### [What to do]
Only lines containing the word "else" are needed; pull them out of the material.

** Records shown follows **

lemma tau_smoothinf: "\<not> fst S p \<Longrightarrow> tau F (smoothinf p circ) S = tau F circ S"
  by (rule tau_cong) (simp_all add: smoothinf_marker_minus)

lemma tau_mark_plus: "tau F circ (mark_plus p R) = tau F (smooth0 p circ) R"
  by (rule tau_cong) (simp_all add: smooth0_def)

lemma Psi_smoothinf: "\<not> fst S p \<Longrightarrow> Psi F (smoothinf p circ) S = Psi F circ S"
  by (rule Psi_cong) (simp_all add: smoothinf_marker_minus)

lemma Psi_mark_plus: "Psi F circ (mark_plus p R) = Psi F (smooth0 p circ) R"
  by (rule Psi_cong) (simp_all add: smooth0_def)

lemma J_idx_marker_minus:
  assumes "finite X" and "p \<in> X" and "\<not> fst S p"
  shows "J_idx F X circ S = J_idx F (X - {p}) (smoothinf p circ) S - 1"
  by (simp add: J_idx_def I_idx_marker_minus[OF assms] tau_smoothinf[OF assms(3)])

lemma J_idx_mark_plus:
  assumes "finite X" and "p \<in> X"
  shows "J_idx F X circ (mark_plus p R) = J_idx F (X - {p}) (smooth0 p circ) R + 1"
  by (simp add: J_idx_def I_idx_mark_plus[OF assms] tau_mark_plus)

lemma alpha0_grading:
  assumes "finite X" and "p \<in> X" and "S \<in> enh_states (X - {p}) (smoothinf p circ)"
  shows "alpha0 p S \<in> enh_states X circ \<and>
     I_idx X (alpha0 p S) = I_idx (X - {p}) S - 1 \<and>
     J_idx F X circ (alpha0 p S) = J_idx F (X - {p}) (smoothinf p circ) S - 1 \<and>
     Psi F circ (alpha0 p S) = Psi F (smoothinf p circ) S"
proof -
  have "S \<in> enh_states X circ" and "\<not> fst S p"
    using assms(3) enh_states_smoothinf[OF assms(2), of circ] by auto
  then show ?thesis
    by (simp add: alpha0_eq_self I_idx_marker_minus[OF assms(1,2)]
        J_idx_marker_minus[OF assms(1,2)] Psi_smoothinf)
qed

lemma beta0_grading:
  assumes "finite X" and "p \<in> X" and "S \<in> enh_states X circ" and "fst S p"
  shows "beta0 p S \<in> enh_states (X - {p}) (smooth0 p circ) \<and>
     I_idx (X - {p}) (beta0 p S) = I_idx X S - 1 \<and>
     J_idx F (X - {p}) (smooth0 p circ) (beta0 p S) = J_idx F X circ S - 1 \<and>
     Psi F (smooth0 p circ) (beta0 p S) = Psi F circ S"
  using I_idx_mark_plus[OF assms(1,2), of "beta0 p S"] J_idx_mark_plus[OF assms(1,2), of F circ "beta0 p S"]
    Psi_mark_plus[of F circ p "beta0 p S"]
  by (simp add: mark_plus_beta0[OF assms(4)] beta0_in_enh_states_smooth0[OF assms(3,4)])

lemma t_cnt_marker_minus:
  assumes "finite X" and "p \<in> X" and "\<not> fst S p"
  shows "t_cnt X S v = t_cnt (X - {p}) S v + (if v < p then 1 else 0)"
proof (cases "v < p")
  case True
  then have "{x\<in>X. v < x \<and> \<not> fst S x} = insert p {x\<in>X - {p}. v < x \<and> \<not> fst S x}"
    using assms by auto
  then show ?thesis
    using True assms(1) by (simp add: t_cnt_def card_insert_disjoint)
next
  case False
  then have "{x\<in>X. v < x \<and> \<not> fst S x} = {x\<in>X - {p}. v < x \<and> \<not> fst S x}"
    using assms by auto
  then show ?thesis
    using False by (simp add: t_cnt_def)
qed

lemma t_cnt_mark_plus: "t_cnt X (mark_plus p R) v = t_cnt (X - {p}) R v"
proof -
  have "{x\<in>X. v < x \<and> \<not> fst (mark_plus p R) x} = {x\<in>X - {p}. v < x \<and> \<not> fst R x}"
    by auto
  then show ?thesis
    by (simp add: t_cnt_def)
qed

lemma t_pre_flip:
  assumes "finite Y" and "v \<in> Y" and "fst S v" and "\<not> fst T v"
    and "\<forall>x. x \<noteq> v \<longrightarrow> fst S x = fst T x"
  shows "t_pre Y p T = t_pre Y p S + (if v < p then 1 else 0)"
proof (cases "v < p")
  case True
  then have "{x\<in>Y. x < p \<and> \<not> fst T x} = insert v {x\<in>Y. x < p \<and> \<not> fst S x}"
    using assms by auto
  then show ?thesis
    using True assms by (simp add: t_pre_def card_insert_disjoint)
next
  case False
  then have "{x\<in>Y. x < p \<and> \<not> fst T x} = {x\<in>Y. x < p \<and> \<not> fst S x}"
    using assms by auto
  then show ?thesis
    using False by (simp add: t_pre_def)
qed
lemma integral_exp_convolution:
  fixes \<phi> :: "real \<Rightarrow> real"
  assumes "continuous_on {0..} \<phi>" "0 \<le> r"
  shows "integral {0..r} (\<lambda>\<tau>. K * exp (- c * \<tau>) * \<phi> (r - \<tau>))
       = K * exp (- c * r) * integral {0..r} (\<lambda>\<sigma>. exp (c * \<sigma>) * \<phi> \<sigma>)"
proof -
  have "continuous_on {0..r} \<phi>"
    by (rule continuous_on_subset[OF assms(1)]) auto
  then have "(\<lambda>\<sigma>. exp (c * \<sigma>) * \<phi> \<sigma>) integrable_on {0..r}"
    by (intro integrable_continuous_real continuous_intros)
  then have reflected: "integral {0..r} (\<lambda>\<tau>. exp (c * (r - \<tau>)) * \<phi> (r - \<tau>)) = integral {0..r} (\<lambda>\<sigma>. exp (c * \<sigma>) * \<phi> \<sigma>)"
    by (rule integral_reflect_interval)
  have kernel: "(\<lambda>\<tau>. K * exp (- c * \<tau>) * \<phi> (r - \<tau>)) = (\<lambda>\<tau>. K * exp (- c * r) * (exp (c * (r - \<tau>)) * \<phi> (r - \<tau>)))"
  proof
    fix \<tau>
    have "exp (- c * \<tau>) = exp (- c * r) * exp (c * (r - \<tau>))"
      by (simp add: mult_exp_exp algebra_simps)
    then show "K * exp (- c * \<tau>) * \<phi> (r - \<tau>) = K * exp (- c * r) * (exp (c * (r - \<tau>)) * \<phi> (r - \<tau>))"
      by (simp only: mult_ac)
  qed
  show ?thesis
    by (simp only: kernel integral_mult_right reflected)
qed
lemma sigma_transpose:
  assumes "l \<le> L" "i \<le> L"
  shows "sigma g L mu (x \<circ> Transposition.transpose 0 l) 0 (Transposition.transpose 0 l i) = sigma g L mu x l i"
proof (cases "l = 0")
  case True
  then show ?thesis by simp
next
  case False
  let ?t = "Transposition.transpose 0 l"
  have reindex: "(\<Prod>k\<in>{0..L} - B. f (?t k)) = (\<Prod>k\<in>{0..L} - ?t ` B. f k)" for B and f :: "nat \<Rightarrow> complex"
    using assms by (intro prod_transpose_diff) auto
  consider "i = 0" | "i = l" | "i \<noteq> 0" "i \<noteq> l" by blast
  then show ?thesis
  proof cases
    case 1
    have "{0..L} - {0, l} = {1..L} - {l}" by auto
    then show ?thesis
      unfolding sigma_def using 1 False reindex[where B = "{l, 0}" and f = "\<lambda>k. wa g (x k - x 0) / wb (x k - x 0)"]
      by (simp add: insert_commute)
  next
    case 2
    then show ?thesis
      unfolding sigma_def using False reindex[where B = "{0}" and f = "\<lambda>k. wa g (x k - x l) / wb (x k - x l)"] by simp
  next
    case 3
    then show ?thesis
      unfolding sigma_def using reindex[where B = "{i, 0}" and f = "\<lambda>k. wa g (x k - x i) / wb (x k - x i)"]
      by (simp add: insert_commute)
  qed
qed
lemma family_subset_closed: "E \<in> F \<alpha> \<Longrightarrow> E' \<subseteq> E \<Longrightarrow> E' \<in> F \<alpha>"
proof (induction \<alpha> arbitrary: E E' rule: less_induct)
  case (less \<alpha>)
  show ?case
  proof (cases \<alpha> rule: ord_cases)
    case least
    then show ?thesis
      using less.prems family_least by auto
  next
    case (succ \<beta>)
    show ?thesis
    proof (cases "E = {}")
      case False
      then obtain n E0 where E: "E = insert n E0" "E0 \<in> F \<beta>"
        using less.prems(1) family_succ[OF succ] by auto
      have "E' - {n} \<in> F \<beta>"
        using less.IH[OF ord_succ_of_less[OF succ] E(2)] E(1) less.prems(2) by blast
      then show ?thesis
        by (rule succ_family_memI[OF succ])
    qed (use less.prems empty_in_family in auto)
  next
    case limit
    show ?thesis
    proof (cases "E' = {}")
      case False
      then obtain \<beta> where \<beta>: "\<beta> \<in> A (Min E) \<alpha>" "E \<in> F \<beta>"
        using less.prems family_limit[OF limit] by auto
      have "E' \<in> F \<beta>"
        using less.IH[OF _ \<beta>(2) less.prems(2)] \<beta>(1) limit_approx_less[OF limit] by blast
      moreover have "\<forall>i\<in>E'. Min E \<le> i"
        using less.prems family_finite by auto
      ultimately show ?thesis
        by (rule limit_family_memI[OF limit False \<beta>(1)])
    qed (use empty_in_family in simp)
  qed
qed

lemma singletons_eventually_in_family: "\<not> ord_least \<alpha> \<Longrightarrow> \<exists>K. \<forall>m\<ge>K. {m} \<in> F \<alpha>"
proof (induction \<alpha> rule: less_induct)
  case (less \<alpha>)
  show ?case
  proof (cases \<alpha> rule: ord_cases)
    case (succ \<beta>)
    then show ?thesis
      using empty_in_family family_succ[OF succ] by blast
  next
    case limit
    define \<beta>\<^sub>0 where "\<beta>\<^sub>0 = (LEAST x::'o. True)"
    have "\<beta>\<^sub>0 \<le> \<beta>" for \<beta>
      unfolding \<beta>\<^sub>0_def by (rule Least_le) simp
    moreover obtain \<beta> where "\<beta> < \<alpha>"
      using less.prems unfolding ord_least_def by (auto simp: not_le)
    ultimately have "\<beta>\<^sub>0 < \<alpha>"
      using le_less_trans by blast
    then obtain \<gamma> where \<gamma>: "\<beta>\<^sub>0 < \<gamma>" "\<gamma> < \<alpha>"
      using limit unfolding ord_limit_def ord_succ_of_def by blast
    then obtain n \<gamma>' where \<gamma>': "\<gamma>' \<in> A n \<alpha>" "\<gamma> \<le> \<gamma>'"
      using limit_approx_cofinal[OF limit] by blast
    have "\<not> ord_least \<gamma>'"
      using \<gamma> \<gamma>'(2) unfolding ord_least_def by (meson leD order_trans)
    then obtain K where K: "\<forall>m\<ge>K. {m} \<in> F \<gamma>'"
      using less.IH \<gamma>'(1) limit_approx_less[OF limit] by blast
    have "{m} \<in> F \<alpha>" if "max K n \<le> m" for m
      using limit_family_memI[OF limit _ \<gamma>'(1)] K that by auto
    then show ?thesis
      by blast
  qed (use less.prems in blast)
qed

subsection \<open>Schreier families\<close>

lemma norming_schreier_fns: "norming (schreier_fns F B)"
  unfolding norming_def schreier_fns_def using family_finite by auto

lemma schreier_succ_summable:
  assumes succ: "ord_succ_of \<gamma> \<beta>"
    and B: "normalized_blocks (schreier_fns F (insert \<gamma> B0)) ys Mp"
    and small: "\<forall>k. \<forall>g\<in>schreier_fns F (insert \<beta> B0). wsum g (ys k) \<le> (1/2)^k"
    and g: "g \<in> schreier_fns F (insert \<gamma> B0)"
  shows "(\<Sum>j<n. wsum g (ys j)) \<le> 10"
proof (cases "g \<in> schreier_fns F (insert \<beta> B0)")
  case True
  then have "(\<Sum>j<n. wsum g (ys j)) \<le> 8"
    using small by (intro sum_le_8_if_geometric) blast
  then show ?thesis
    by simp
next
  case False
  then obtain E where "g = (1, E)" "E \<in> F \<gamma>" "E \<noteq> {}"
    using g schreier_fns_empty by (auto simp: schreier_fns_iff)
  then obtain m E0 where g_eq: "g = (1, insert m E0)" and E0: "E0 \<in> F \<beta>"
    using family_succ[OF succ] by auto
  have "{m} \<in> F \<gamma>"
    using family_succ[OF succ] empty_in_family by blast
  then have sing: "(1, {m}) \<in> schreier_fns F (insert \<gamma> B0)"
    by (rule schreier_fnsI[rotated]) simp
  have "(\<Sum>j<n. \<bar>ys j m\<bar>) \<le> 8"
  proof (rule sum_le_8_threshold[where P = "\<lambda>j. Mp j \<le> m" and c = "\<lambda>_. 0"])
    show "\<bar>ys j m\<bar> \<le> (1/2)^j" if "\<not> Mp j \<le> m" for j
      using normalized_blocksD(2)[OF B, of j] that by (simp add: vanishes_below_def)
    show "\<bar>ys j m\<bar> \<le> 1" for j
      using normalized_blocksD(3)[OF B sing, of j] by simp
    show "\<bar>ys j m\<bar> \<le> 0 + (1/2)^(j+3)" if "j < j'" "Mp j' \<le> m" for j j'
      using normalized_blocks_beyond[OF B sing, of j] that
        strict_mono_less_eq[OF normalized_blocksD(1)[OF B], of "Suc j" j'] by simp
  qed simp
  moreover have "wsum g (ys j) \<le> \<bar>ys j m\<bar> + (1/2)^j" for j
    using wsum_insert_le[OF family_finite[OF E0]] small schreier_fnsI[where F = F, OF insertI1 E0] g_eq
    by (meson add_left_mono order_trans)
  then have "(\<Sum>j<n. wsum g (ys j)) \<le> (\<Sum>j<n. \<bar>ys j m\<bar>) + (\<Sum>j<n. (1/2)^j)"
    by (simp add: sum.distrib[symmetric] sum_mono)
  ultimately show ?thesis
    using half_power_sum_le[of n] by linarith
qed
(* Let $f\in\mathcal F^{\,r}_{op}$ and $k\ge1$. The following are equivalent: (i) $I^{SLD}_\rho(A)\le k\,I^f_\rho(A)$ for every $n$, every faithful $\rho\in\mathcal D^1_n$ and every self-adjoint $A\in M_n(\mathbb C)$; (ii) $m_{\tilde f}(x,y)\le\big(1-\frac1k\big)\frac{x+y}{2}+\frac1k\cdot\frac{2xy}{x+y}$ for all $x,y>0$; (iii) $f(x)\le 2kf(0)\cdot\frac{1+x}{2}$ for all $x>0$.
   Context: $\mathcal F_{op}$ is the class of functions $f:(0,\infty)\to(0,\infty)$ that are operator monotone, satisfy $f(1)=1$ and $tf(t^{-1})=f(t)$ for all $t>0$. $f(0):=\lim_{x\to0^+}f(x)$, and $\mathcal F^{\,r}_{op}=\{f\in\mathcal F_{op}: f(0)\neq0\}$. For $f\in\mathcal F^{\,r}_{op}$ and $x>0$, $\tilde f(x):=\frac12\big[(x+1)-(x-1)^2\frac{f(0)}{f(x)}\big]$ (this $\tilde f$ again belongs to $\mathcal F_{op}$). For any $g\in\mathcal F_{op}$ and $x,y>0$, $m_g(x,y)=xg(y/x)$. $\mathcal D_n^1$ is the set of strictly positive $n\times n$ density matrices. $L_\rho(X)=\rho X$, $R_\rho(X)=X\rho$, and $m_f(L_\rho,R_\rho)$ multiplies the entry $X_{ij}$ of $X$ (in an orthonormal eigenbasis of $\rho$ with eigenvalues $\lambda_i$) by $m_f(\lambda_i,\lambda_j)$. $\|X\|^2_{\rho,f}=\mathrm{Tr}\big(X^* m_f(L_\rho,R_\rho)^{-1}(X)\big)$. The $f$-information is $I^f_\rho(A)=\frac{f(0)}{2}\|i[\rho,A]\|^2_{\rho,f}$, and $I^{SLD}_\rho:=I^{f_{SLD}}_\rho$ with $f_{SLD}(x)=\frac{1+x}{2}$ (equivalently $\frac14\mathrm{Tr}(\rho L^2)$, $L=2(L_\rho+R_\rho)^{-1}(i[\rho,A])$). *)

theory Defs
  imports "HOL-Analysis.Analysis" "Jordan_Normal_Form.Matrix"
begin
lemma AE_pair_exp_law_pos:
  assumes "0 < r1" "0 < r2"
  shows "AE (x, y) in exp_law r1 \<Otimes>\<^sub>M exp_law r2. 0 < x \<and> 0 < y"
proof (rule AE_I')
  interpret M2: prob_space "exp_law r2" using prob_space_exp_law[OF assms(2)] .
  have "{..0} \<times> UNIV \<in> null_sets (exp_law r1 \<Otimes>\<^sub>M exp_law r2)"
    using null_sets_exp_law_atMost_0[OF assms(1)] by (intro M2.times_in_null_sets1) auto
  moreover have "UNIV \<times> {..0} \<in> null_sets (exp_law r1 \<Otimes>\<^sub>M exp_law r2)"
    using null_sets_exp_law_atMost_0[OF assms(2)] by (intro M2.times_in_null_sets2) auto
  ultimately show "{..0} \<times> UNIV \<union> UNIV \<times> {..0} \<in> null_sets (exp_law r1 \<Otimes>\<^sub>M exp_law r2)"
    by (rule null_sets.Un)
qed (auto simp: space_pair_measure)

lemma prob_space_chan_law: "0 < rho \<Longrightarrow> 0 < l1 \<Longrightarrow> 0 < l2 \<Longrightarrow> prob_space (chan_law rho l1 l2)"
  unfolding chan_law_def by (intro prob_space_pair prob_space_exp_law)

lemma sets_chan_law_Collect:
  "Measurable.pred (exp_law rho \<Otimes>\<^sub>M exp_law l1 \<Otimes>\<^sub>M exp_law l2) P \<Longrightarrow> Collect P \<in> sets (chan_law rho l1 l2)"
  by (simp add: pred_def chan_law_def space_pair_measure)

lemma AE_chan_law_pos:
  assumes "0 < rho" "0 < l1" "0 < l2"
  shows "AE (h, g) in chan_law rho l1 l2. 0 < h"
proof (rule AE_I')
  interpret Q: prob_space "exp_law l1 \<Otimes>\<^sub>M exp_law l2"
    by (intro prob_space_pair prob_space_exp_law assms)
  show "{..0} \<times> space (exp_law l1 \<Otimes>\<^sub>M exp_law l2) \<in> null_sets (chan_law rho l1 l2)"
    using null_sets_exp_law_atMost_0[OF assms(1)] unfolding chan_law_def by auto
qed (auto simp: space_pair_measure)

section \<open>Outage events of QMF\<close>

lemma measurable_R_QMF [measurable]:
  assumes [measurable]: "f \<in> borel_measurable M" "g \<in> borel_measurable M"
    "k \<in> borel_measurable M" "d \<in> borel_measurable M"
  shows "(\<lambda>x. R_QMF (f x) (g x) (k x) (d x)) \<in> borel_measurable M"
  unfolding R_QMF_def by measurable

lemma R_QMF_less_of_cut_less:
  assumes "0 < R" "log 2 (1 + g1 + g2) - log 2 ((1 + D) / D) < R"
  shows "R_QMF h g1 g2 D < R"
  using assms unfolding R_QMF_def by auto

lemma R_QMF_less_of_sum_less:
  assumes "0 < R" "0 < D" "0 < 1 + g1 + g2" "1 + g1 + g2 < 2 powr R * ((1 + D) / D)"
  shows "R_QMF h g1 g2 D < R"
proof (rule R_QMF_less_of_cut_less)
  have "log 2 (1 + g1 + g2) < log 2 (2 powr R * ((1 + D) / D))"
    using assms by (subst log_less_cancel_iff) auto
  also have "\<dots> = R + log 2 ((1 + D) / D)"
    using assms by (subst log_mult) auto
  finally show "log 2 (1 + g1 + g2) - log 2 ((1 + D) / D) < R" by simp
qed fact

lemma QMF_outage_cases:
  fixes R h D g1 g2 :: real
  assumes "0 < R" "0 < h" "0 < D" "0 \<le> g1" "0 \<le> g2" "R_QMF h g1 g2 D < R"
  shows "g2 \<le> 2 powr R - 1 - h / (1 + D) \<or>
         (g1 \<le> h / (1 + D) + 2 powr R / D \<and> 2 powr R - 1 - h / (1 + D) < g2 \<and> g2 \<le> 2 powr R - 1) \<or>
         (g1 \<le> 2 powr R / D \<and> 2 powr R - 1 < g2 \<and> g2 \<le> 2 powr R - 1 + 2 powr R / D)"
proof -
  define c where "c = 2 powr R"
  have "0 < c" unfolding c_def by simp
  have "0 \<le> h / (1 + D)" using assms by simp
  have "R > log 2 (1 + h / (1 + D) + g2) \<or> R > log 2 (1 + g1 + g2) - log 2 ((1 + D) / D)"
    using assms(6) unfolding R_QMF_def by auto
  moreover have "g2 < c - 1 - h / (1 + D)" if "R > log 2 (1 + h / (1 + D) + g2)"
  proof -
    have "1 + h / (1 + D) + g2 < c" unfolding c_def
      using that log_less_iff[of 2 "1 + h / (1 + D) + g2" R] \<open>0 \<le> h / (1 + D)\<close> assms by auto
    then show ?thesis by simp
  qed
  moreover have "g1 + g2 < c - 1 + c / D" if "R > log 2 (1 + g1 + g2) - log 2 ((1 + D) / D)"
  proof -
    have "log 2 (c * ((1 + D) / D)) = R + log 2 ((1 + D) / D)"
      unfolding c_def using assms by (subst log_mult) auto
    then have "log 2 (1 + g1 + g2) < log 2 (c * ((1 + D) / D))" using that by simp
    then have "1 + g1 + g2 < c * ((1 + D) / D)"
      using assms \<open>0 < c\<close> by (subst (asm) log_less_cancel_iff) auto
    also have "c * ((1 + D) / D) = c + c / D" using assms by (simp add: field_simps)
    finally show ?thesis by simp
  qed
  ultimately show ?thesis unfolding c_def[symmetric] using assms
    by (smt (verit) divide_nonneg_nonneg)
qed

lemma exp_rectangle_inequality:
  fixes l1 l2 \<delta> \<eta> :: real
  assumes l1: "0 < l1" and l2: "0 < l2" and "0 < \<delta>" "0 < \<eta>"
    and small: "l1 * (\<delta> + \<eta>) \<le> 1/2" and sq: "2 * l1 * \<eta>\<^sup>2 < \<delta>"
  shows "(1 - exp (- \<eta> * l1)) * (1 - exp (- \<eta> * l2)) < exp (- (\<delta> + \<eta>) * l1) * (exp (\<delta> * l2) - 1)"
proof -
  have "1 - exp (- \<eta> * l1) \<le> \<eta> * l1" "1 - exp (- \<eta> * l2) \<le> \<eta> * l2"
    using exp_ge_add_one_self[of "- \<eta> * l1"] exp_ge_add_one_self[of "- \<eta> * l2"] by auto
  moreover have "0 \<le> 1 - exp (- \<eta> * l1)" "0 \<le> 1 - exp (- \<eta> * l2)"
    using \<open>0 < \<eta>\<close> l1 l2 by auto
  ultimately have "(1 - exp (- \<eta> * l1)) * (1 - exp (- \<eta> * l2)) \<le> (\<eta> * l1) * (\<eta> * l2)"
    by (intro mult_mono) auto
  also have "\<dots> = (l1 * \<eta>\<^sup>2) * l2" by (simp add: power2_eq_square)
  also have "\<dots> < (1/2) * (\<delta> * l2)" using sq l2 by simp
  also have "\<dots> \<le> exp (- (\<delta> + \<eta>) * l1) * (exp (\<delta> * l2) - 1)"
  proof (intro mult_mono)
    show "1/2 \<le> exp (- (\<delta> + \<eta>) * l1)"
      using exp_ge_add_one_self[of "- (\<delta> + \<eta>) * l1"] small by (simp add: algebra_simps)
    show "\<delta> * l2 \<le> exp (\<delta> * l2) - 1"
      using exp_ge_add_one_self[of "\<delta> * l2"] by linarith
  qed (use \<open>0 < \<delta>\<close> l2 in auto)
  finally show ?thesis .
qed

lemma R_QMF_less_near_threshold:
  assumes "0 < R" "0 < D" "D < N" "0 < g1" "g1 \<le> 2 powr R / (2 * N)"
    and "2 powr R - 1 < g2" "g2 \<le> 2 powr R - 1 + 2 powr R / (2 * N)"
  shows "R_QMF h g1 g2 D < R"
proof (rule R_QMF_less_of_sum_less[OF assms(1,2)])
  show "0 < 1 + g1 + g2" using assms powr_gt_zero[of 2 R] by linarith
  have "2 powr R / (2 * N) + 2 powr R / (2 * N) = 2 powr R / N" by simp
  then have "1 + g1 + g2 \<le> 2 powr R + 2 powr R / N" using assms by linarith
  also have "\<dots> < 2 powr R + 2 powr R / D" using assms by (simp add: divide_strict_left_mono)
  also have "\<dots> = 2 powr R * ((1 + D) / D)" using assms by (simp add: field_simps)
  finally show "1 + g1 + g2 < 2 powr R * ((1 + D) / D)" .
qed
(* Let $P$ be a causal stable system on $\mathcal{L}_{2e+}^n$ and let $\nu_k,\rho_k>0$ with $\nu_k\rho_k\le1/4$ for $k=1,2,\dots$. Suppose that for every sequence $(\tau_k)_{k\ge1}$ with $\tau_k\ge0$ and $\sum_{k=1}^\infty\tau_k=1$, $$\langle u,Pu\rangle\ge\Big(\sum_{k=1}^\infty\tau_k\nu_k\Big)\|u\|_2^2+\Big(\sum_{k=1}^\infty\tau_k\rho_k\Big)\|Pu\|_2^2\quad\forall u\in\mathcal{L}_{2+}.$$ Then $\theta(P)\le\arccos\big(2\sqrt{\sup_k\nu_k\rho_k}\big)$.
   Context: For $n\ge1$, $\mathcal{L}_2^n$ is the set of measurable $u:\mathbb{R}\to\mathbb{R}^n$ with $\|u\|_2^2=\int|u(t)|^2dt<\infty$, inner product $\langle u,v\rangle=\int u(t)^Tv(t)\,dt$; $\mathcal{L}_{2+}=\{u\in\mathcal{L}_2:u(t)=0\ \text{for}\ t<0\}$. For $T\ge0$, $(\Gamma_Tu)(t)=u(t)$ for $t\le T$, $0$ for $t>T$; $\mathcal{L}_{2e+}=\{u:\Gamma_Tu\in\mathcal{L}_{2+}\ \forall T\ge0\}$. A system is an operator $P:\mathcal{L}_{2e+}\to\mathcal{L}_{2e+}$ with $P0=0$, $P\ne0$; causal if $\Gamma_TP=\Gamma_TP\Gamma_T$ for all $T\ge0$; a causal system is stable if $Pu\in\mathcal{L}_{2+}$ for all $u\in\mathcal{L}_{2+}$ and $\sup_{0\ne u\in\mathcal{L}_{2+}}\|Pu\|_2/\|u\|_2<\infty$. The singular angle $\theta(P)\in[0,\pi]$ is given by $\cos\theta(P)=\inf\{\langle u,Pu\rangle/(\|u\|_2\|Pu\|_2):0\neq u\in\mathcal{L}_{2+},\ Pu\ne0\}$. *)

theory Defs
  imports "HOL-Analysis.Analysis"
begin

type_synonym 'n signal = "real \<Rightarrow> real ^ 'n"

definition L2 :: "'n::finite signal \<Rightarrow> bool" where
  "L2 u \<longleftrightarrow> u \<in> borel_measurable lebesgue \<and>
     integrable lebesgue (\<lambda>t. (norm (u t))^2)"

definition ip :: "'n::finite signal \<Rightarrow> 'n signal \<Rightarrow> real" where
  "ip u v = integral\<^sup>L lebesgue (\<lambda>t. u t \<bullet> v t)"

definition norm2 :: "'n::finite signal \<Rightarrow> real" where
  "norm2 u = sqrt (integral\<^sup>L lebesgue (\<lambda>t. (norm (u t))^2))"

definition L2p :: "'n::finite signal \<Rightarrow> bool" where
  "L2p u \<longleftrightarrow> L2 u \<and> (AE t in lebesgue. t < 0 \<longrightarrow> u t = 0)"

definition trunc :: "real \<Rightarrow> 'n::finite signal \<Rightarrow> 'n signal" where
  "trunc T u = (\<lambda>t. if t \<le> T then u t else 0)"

** End of Records shown **

### [Response]
  shows "t_cnt X S v = t_cnt (X - {p}) S v + (if v < p then 1 else 0)"
  shows "t_pre Y p T = t_pre Y p S + (if v < p then 1 else 0)"
  "trunc T u = (\<lambda>t. if t \<le> T then u t else 0)"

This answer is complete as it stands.